Intel® NUC 11 Pro Kit NUC11TNHi3, NUC11TNHi30L, NUC11TNHi30P, NUC11TNHi5, NUC11TNHi50L, NUC11TNHi50W, NUC11TNHi7, NUC11TNHi70L, NUC11TNHi70Q, NUC11TNKi3, NUC11TNKi5, NUC11TNKi7

|

TNTGL357.0052

Intel® NUC 11 Enthusiast Kit - NUC11PHKi7C

Intel® NUC 11 Enthusiast Mini PC - NUC11PHKi7CAA

|

PHTGL579.0056

Intel® NUC 10 Performance kit - NUC10i3FNH, NUC10i3FNHF, NUC10i3FNK, NUC10i5FNH, NUC10i5FNHF, NUC10i5FNHJ, NUC10i5FNK, NUC10i5FNKP, NUC10i7FNH, NUC10i7FNHC, NUC10i7FNK, NUC10i7FNKP

Intel® NUC 10 Performance Mini PC - NUC10i3FNHFA, NUC10i3FNHJA, NUC10i5FNHCA, NUC10i5FNHJA, NUC10i5FNKPA, NUC10i7FNHAA, NUC10i7FNHJA, NUC10i7FNKPA

|

FNCML.0050

Intel® NUC 9 Pro Compute Element - NUC9V7QNB, NUC9VXQNB

Intel® NUC 9 Pro Kit - NUC9V7QNX, NUC9VXQNX

|

QNCFLX70.0059

Intel® NUC 8 Business, a Mini PC with Windows 10 - NUC8i7HNKQC

Intel® NUC 8 Enthusiast, a Mini PC with Windows 10 - NUC8i7HVKVA, NUC8i7HVKVAW

Intel® NUC Kit NUC8i7HNK, NUC8i7HVK

|

HNKBLi70.86A.0065

Intel® NUC 8 Rugged Kit NUC8CCHKR

Intel® NUC Board NUC8CCHB

|

CHAPLCEL.0051

Intel® NUC 8 Compute Element CM8CCB, CM8i3CB, CM8i5CB, CM8i7CB, CM8PCB

|

CBWHL.0092

Intel® NUC 8 Pro Board NUC8i3PNB

Intel® NUC 8 Pro Kit NUC8i3PNH, NUC8i3PNK

|

PNWHL357.0039

Intel® NUC 8 Mainstream-G kit NUC8i5INH, NUC8i7INH

Intel® NUC 8 Mainstream-G mini PC NUC8i5INH, NUC8i7INH

|

INWHL357.0040

Intel® NUC 7 Essential, a Mini PC with Windows® 10 - NUC7CJYSAL

Intel® NUC Kit NUC7CJYH, NUC7PJYH

|

JYGLKCPX.86A.0057

Recommendations:

Intel recommends updating Intel® NUCs listed above to the latest BIOS version available (see provided table).

Acknowledgements:

Intel would like to thank Dmitry Frolov for reporting these issues.
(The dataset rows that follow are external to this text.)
definition ultra_rel :: "'i set \<Rightarrow> 'i set set \<Rightarrow> ('i \<Rightarrow> ('b,'f,'c) alg) \<Rightarrow> (('i \<Rightarrow> 'b) \<times> ('i \<Rightarrow> 'b)) set" where
  "ultra_rel I D B = {(f,g). (\<forall>i\<in>I. f i \<in> carr (B i)) \<and> (\<forall>i\<in>I. g i \<in> carr (B i))
                        \<and> {i \<in> I. f i = g i} \<in> D}"

definition ultraproduct :: "'i set \<Rightarrow> 'i set set \<Rightarrow> ('i \<Rightarrow> ('b,'f,'c) alg) \<Rightarrow> (('i \<Rightarrow> 'b) set,'f,'c) alg" where
  "ultraproduct I D B =
    (let R = ultra_rel I D B;
         rep = (\<lambda>a :: ('i \<Rightarrow> 'b) set. SOME f. f \<in> a)
     in ({f. \<forall>i\<in>I. f i \<in> carr (B i)} // R,
         (\<lambda>F as. R `` {\<lambda>i. opr (B i) F (map (\<lambda>a. rep a i) as)}),
         (\<lambda>c. R `` {\<lambda>i. cst (B i) c})))"

end

theory Submission
  imports Defs
begin

text \<open>Realize every phi i in B i by an assignment s i. An element of the limit algebra, represented
  by x at stage i, is sent to the class of its thread k \<mapsto> s k (gam i k x), which is defined on
  the cone above i. Take an ultrafilter D containing all cones, which exists because the index set
  is directed. Every literal of phi i is transported to all later stages, so two threads, or a
  thread and the pointwise value of an operation or constant, agree on a cone, hence modulo D,
  exactly when they should; injectivity comes from the negated equalities x \<noteq> y of the diagrams.\<close>

section \<open>Filters and ultrafilters\<close>

definition proper_filter_on :: "'i set \<Rightarrow> 'i set set \<Rightarrow> bool" where
  "proper_filter_on I F \<longleftrightarrow> F \<subseteq> Pow I \<and> I \<in> F \<and> {} \<notin> F
     \<and> (\<forall>A\<in>F. \<forall>B\<in>F. A \<inter> B \<in> F) \<and> (\<forall>A\<in>F. \<forall>B. A \<subseteq> B \<and> B \<subseteq> I \<longrightarrow> B \<in> F)"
Intel, and nearly the entire technology industry, follows a disclosure practice called Coordinated Disclosure, under which a cybersecurity vulnerability is generally publicly disclosed only after mitigations are available.